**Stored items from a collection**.
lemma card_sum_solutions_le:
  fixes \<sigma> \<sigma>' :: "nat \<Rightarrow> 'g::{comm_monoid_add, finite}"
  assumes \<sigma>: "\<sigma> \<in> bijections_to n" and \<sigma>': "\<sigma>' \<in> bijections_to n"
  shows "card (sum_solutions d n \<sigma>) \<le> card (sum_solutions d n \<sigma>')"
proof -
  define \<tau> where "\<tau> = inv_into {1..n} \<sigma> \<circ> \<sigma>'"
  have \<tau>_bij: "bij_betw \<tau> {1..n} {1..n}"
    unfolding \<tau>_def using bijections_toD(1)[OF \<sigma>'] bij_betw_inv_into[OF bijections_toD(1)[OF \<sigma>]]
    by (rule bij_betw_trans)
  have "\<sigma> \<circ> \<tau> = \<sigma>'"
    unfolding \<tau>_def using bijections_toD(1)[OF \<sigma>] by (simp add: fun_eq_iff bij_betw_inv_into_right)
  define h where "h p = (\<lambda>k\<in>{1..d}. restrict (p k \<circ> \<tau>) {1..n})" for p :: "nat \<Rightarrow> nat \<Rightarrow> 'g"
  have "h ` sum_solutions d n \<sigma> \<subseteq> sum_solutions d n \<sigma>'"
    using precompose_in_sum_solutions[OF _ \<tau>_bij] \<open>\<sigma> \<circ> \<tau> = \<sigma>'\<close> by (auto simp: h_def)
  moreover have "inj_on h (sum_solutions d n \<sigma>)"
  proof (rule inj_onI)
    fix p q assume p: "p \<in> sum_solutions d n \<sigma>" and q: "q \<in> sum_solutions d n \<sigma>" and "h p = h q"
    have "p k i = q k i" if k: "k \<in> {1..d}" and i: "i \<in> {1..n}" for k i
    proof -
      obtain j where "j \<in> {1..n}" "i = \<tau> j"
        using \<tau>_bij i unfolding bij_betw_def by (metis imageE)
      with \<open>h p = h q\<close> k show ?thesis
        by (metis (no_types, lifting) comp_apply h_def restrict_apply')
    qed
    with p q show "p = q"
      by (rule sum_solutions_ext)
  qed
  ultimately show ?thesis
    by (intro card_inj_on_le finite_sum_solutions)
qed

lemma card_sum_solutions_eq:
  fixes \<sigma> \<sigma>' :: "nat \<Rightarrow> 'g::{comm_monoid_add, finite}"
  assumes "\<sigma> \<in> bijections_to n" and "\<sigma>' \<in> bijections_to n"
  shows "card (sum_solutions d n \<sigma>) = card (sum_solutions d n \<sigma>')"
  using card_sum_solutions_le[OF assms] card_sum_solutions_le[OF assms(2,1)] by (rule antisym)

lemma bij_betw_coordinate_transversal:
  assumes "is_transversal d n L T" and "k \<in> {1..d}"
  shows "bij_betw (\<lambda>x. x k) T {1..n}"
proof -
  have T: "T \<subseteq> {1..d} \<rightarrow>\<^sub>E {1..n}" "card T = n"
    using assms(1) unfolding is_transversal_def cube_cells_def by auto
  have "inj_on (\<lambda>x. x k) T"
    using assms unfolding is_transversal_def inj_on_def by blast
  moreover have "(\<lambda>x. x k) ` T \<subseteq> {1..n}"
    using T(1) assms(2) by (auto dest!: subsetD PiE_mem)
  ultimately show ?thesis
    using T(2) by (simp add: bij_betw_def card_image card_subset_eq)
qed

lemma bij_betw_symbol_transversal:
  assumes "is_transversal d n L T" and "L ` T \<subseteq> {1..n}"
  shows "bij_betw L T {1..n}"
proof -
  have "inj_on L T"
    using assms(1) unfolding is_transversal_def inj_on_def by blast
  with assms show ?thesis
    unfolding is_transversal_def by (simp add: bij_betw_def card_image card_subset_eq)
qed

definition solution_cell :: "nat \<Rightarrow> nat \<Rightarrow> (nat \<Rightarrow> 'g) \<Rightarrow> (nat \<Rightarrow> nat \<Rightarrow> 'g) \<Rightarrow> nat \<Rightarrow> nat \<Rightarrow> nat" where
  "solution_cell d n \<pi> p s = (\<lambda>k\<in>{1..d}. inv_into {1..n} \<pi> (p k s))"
* * *
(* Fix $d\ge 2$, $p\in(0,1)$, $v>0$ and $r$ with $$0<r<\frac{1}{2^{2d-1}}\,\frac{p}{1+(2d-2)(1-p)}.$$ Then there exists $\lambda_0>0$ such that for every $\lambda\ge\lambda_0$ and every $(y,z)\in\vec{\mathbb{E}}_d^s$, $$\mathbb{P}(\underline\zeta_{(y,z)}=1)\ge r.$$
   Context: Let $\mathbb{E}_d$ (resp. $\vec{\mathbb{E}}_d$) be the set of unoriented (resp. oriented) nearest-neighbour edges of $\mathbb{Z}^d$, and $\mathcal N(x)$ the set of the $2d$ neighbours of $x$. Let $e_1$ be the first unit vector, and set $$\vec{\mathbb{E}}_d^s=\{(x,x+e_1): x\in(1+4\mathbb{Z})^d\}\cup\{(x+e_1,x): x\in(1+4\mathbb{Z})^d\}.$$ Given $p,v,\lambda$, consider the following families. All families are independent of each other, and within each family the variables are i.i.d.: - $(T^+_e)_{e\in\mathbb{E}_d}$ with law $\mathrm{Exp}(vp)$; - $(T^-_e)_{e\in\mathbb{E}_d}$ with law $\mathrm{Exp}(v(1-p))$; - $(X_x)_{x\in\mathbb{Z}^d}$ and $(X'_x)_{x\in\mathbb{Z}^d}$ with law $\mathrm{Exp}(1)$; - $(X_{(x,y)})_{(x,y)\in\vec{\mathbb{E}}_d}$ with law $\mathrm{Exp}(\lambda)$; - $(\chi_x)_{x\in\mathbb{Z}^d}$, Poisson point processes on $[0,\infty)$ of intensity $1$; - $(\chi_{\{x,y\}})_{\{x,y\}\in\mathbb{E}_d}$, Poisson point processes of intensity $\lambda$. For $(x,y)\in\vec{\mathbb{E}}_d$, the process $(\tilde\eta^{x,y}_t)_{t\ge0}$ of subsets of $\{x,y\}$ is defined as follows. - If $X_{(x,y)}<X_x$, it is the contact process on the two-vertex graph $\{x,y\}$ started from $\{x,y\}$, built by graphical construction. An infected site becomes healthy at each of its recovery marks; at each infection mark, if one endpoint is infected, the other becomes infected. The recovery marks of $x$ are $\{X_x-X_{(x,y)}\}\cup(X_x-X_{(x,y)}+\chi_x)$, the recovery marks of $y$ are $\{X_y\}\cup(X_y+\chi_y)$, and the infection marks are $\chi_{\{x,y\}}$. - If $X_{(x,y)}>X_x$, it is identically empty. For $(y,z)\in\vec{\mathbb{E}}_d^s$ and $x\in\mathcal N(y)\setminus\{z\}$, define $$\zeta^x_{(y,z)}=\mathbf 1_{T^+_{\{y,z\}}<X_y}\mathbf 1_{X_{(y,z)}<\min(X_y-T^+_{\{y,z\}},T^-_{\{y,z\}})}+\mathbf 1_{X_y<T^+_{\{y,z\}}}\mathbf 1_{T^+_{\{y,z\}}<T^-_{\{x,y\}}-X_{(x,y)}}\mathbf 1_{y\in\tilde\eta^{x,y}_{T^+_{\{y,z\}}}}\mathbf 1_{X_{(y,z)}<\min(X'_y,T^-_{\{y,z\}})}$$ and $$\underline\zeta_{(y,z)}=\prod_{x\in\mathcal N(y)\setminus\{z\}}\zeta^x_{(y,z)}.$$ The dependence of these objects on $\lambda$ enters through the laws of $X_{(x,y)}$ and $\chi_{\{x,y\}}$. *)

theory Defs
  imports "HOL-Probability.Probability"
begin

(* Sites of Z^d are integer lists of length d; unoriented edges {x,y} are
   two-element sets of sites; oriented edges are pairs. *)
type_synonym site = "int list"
---
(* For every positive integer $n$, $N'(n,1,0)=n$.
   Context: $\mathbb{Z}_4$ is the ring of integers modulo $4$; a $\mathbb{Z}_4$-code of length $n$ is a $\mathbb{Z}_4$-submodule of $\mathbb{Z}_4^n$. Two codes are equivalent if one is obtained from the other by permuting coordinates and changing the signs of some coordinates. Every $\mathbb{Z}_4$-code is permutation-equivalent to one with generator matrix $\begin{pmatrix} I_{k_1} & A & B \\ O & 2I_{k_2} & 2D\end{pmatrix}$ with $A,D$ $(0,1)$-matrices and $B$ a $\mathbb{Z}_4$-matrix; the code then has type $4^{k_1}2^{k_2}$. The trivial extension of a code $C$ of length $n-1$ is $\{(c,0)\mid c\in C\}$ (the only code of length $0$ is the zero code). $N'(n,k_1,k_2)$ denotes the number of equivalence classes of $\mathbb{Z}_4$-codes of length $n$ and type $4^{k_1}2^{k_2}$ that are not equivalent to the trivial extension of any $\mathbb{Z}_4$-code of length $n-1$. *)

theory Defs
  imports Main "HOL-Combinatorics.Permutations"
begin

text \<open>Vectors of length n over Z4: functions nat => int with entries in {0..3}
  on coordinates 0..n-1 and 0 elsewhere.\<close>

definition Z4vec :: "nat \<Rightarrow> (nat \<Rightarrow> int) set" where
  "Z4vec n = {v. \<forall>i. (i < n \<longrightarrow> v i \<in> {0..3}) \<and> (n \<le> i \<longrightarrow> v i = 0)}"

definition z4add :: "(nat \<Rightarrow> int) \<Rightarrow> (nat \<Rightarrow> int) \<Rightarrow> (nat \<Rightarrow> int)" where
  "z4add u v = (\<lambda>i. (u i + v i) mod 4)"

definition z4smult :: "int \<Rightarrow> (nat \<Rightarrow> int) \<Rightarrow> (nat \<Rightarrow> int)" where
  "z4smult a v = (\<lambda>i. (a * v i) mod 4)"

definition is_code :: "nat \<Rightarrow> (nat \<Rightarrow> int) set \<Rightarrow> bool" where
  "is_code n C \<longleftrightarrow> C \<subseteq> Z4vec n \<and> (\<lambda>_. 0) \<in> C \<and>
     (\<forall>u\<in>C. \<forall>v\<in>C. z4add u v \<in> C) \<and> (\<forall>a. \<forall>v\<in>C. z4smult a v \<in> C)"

**DESCRIPTION OF THE TASK**. Retype the portion of the data above that starts on the line with "(\<lambda>i. (a *" and finishes on the line with "(\<forall>u\<in>C. \<forall>v\<in>C. z4add", including both of those lines.

**WRITTEN ANSWER**.
  "z4smult a v = (\<lambda>i. (a * v i) mod 4)"

definition is_code :: "nat \<Rightarrow> (nat \<Rightarrow> int) set \<Rightarrow> bool" where
  "is_code n C \<longleftrightarrow> C \<subseteq> Z4vec n \<and> (\<lambda>_. 0) \<in> C \<and>
     (\<forall>u\<in>C. \<forall>v\<in>C. z4add u v \<in> C) \<and> (\<forall>a. \<forall>v\<in>C. z4smult a v \<in> C)"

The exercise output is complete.